The crowds are gathered; the Courthouse steps are choice seating.

The blue lady chanted of "Water!"

Which brought these lights up.

One of the acts...

... and another. while behind the stage (below), another pair of performers practice.

I presume we have an octopus lady at right, all wired for colored lights. As for the instruments below, the red tuba is outstanding. Sorry I wasn't there to hear the concerto for red tuba, concertina, glockenspiel and gong.

Meanwhile, in the kiddie corner, the moppets are learning to use musical-ish noise makers.

Tsunami also includes a circus school for the young ones. Likely this stilted drummer is one of the recent grads.

The Seussmobile circled the Square on a regular route.

So is it any wonder that when I returned home, it was to collapse for a well deserved nap?
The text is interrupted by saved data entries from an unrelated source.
lemma sinh_mult_add_le:
  fixes u v :: real
  assumes u: "0 < u" and v: "0 \<le> v"
  shows "sinh u * (u + v) \<le> 4 * (1 + v) * exp (- v) * u * sinh (u + v)"
proof -
  have cosh_v: "1 \<le> 2 * exp (- v) * cosh v" by (simp add: cosh_field_def exp_minus field_simps)
  have sinh_v: "v \<le> 2 * (1 + v) * exp (- v) * sinh v"
  proof -
    have "exp (2 * v) = exp v * exp v" by (metis mult_exp_exp mult_2)
    then have "2 * (1 + v) * exp (- v) * sinh v = (1 + v) - (1 + v) * (1 / exp (2 * v))"
      by (simp add: sinh_field_def exp_minus field_simps)
    moreover have "1 + v \<le> exp (2 * v)"
      using exp_ge_add_one_self[of "2 * v"] v by linarith
    then have "(1 + v) * (1 / exp (2 * v)) \<le> 1"
      by (simp add: field_simps)
    ultimately show ?thesis by linarith
  qed
  have "u * sinh u \<le> 4 * (1 + v) * exp (- v) * u * (sinh u * cosh v)"
  proof -
    have "1 \<le> (2 * exp (- v) * cosh v) * (2 * (1 + v))"
      using cosh_v v by (smt (verit) mult_le_cancel_left1 mult_nonneg_nonneg)
    from mult_left_mono[OF this, of "u * sinh u"] u show ?thesis by (simp add: algebra_simps)
  qed
  moreover have "v * sinh u \<le> 4 * (1 + v) * exp (- v) * u * (cosh u * sinh v)"
  proof -
    have "v * sinh u \<le> (2 * (1 + v) * exp (- v) * sinh v) * sinh u"
      using sinh_v u by (intro mult_right_mono) simp_all
    also have "\<dots> \<le> (2 * (1 + v) * exp (- v) * sinh v) * (2 * u * cosh u)"
      using sinh_le_two_mult_cosh[of u] u v by (intro mult_left_mono) simp_all
    finally show ?thesis by (simp add: algebra_simps)
  qed
  ultimately show ?thesis by (simp add: sinh_add algebra_simps)
qed

lemma sinh_add_plus_sinh_diff: "sinh (x + l) + sinh (x - l) = 2 * cosh l * sinh (x :: real)"
  by (simp add: sinh_add sinh_diff)

text \<open>The discrete counterpart of \<open>sinh (l x) / x\<close>, the exponential martingale of the
  three-dimensional Bessel process, into which the walk conditioned to stay nonnegative rescales.\<close>
definition up_potential :: "real \<Rightarrow> real \<Rightarrow> real" where
  "up_potential l w = sinh (l * (w + 1)) / (w + 1)"

lemma up_potential_pos: "0 < l \<Longrightarrow> 0 \<le> w \<Longrightarrow> 0 < up_potential l w"
  by (simp add: up_potential_def)

text \<open>The increments of \<open>k \<mapsto> sinh (l k)\<close> increase, and \<open>sinh (l (n + 1))\<close> is the sum of
  the first \<open>n + 1\<close> of them.\<close>
lemma sinh_le_mult_increment:
  fixes l :: real
  assumes l: "0 \<le> l"
  shows "sinh (l * (real n + 1)) \<le> (real n + 1) * (sinh (l * (real n + 2)) - sinh (l * (real n + 1)))"
proof (induction n)
  case 0
  have "sinh l \<le> sinh l * cosh l"
    using l cosh_real_ge_1[of l] mult_left_mono[of 1 "cosh l" "sinh l"] by simp
  then show ?case using sinh_double[of l] by (simp add: mult.commute)
next
  case (Suc n)
  let ?G = "\<lambda>k::real. sinh (l * (k + 1))"
  have "?G (real n + 2) + ?G (real n) = 2 * cosh l * ?G (real n + 1)"
    using sinh_add_plus_sinh_diff[of "l * (real n + 2)" l] by (simp add: algebra_simps)
  moreover have "?G (real n + 1) \<le> cosh l * ?G (real n + 1)"
    using l cosh_real_ge_1[of l] mult_right_mono[of 1 "cosh l"] by simp
  ultimately have "?G (real n + 1) - ?G (real n) \<le> ?G (real n + 2) - ?G (real n + 1)"
    by linarith
  moreover have "?G (real n + 1) \<le> (real n + 2) * (?G (real n + 1) - ?G (real n))"
    using Suc by (simp add: algebra_simps)
  ultimately have "?G (real n + 1) \<le> (real n + 2) * (?G (real n + 2) - ?G (real n + 1))"
    by (smt (verit) mult_left_mono of_nat_0_le_iff)
  then show ?case by (simp add: algebra_simps)
qed

lemma up_potential_mono:
  assumes "0 \<le> l" "0 \<le> z" "z \<le> z'"
  shows "up_potential l (of_int z) \<le> up_potential l (of_int z')"
proof -
  have Suc: "up_potential l (real n) \<le> up_potential l (real (Suc n))" for n
  proof -
    have "sinh (l * (real n + 1)) * (real n + 2) \<le> sinh (l * (real n + 2)) * (real n + 1)"
      using sinh_le_mult_increment[OF assms(1), of n] by (simp add: algebra_simps)
    then show ?thesis by (simp add: up_potential_def field_simps add.commute)
  qed
  obtain m n where "z = int m" "z' = int n" "m \<le> n"
    using assms by (metis nonneg_eq_int order_trans of_nat_le_iff)
  then show ?thesis using lift_Suc_mono_le[of "\<lambda>k. up_potential l (real k)", OF Suc] by simp
qed

lemma weighted_mean_le:
  fixes x A B g0 g1 :: real
  assumes x: "0 < x" and g: "(x + 2) * g0 \<le> x * g1" and AB: "x * A \<le> (x + 2) * B"
  shows "A * (g1 / (x + 2)) + B * (g0 / x) \<le> (A + B) * ((g1 + g0) / (2 * (x + 1)))"
proof -
  define D where "D = 2 * x * (x + 1) * (x + 2)"
  have nz: "x \<noteq> 0" "x + 1 \<noteq> 0" "x + 2 \<noteq> 0" using x by linarith+
  have "D * (A * (g1 / (x + 2))) = 2 * x * (x + 1) * A * g1"
    "D * (B * (g0 / x)) = 2 * (x + 1) * (x + 2) * B * g0"
    using nz by (simp_all add: D_def field_simps)
  then have "D * (A * (g1 / (x + 2)) + B * (g0 / x)) = 2 * (x + 1) * (x * A * g1 + (x + 2) * B * g0)"
    by (simp add: algebra_simps)
  also have "\<dots> \<le> x * (x + 2) * (A + B) * (g1 + g0)"
  proof -
    have "x * (x + 2) * (A + B) * (g1 + g0) - 2 * (x + 1) * (x * A * g1 + (x + 2) * B * g0)
        = (x * g1 - (x + 2) * g0) * ((x + 2) * B - x * A)"
      by (simp add: algebra_simps)
    also have "\<dots> \<ge> 0" using g AB by simp
    finally show ?thesis by simp
  qed
  also have "\<dots> = D * ((A + B) * ((g1 + g0) / (2 * (x + 1))))"
    using nz by (simp add: D_def field_simps)
  finally have "D * (A * (g1 / (x + 2)) + B * (g0 / x)) \<le> D * ((A + B) * ((g1 + g0) / (2 * (x + 1))))" .
  moreover have "0 < D" using x by (simp add: D_def)
  ultimately show ?thesis by (simp only: mult_le_cancel_left_pos)
qed

lemma up_potential_step:
  fixes l A B :: real and z :: int
  assumes l: "0 < l" and z: "0 \<le> z" and A: "0 \<le> A" and B: "0 \<le> B"
    and ratio: "z * A \<le> (z + 2) * B"
  shows "A * up_potential l (z + 1) + B * up_potential l (z - 1) \<le> (A + B) * cosh l * up_potential l z"
proof (cases "z = 0")
  case True
  then show ?thesis
    using sinh_double[of l] l B by (simp add: up_potential_def algebra_simps)
next
  case False
  define x where "x = real_of_int z"
  have x: "0 < x" using False z by (simp add: x_def)
  have "up_potential l (z - 1) \<le> up_potential l (z + 1)"
    using up_potential_mono[of l "z - 1" "z + 1"] False l z by simp
  then have "(x + 2) * sinh (l * x) \<le> x * sinh (l * (x + 2))"
    using x by (simp add: up_potential_def x_def field_simps)
  moreover have "x * A \<le> (x + 2) * B"
    using ratio by (simp add: x_def)
  ultimately have "A * (sinh (l * (x + 2)) / (x + 2)) + B * (sinh (l * x) / x)
      \<le> (A + B) * ((sinh (l * (x + 2)) + sinh (l * x)) / (2 * (x + 1)))"
    by (rule weighted_mean_le[OF x])
  moreover have "sinh (l * (x + 2)) + sinh (l * x) = 2 * cosh l * sinh (l * (x + 1))"
    using sinh_add_plus_sinh_diff[of "l * (x + 1)" l] by (simp add: algebra_simps)
  then have "(A + B) * cosh l * up_potential l z
      = (A + B) * ((sinh (l * (x + 2)) + sinh (l * x)) / (2 * (x + 1)))"
    using x by (simp add: up_potential_def x_def field_simps)
  moreover have "up_potential l (z + 1) = sinh (l * (x + 2)) / (x + 2)"
    "up_potential l (z - 1) = sinh (l * x) / x"
    by (simp_all add: up_potential_def x_def add.assoc)
  ultimately show ?thesis by simp
qed

lemma exp_neg_step_le:
  fixes l A B w :: real
  assumes "0 \<le> l" "B \<le> A" "0 \<le> B"
  shows "A * exp (- l * (w + 1)) + B * exp (- l * (w - 1)) \<le> (A + B) * cosh l * exp (- l * w)"
proof -
  have "(A + B) * cosh l * exp (- l * w) - (A * exp (- l * (w + 1)) + B * exp (- l * (w - 1)))
     = exp (- l * w) * ((A - B) * (exp l - exp (- l))) / 2"
    by (simp add: cosh_field_def field_simps algebra_simps flip: exp_add)
  moreover have "0 \<le> (A - B) * (exp l - exp (- l))" using assms by (intro mult_nonneg_nonneg) simp_all
  ultimately show ?thesis by (smt (verit) divide_nonneg_pos exp_gt_zero mult_nonneg_nonneg)
qed

lemma nn_count_down_step:
  fixes l :: real and c :: int
  assumes "0 \<le> l" "0 \<le> z"
  shows "real (nn_count r (z + 1)) * exp (- l * of_int (z + 1 - c))
       + real (nn_count r (z - 1)) * exp (- l * of_int (z - 1 - c))
     \<le> real (nn_count (Suc r) z) * cosh l * exp (- l * of_int (z - c))"
  using exp_neg_step_le[of l "real (nn_count r (z - 1))" "real (nn_count r (z + 1))" "z - c"]
    nn_count_diff_le_add[of z r] nn_count_Suc[of z r] assms
  by (simp add: algebra_simps)

lemma nn_count_up_step:
  fixes l :: real
  assumes "0 < l" "0 \<le> z"
  shows "real (nn_count r (z + 1)) * up_potential l (z + 1)
       + real (nn_count r (z - 1)) * up_potential l (z - 1)
     \<le> real (nn_count (Suc r) z) * cosh l * up_potential l z"
proof -
  have "z * int (nn_count r (z + 1)) \<le> (z + 2) * int (nn_count r (z - 1))"
  proof (cases "z = 0")
    case True
    then show ?thesis by simp
  next
    case False
    then show ?thesis using nn_count_ratio[of z r] assms by simp
  qed
  then have "real_of_int z * real (nn_count r (z + 1)) \<le> (real_of_int z + 2) * real (nn_count r (z - 1))"
    by (metis (mono_tags) of_int_add of_int_le_iff of_int_mult of_int_numeral of_int_of_nat_eq)
  then show ?thesis
    using up_potential_step[OF assms, of "real (nn_count r (z + 1))" "real (nn_count r (z - 1))"]
      nn_count_Suc[of z r] assms
    by (simp add: algebra_simps)
qed

lemma up_potential_ratio_le:
  assumes l: "0 < l" and z: "0 \<le> z" and a: "0 \<le> a"
  shows "up_potential l z / up_potential l (z + a) \<le> 4 * (1 + l * a) * exp (- (l * a))"
proof -
  define v where "v = l * (z + 1)"
  have v: "0 < v" using l z by (simp add: v_def)
  have w: "0 \<le> l * a" using l a by simp
  have pos: "0 < v * sinh (v + l * a)" using v w by simp
  have cancel: "l * (S / (l * d)) = S / d" for S d
    using l by simp
  have "v + l * a = l * (z + a + 1)" by (simp add: v_def algebra_simps)
  then have e: "up_potential l z = l * (sinh v / v)"
    "up_potential l (z + a) = l * (sinh (v + l * a) / (v + l * a))"
    unfolding up_potential_def v_def cancel by (simp_all add: add.assoc)
  have "up_potential l z / up_potential l (z + a) = sinh v * (v + l * a) / (v * sinh (v + l * a))"
    unfolding e using l v w by (simp add: field_simps)
  also have "\<dots> \<le> 4 * (1 + l * a) * exp (- (l * a))"
    using sinh_mult_add_le[OF v w] pos by (simp add: pos_divide_le_eq ac_simps)
  finally show ?thesis .
qed

lemma card_nn_paths_reach_below_le:
  fixes l :: real and c :: int
  assumes "0 \<le> l" "j \<le> r"
  shows "real (card {s \<in> nn_paths r z. \<exists>i\<le>j. s i \<le> c})
       \<le> real (nn_count r z) * exp (- l * (z - c)) * cosh l ^ j"
proof (rule card_nn_paths_hitting_le[where h = "\<lambda>y. exp (- l * of_int (y - c))"])
  show "1 \<le> exp (- l * of_int (y - c))" if "y \<le> c" for y
    using that assms mult_nonneg_nonpos[of l "of_int (y - c)"] by simp
qed (use assms nn_count_down_step cosh_real_ge_1 in simp_all)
Linkage: The obvious place to start is with Rich's first post on Tsunami, which includes a stream of 22 pictures from the parade. Next, a Flickr link to pictures of the Yavapai County indigent graveyard; I didn't know there was such a place! The True West blog has a comment on the financial problems of the Sharlot Hall Museum. And, if yesterday's post interested you in Prescott's cool loos, here (and here) are a couple more. Addenda: boonie takes his digicamera apart & doesn't mention whether or not he reassembled Humpty Dumpty.

3 comments:

Anonymous said...

GJ, do you have any idea if the folks that are attending the event are more locals or out of towners?

TomboCheck said...

Nice coverage Julie! I was there for a bit, but the crowd starts getting to me after a while. :)

Granny J said...

steve -- it's very hard to figure out. I'm sure the merchants hope that it's mainly out-of-towners -- and a lot of local folk tend to hide in their caves once the tourist season is in full swing. On the other had, I know quite a few locals who stop by.

tombo -- the crowds are better for the economy than for local peace & quiet. I generally last maybe an hour and a half at best at one of these big Events.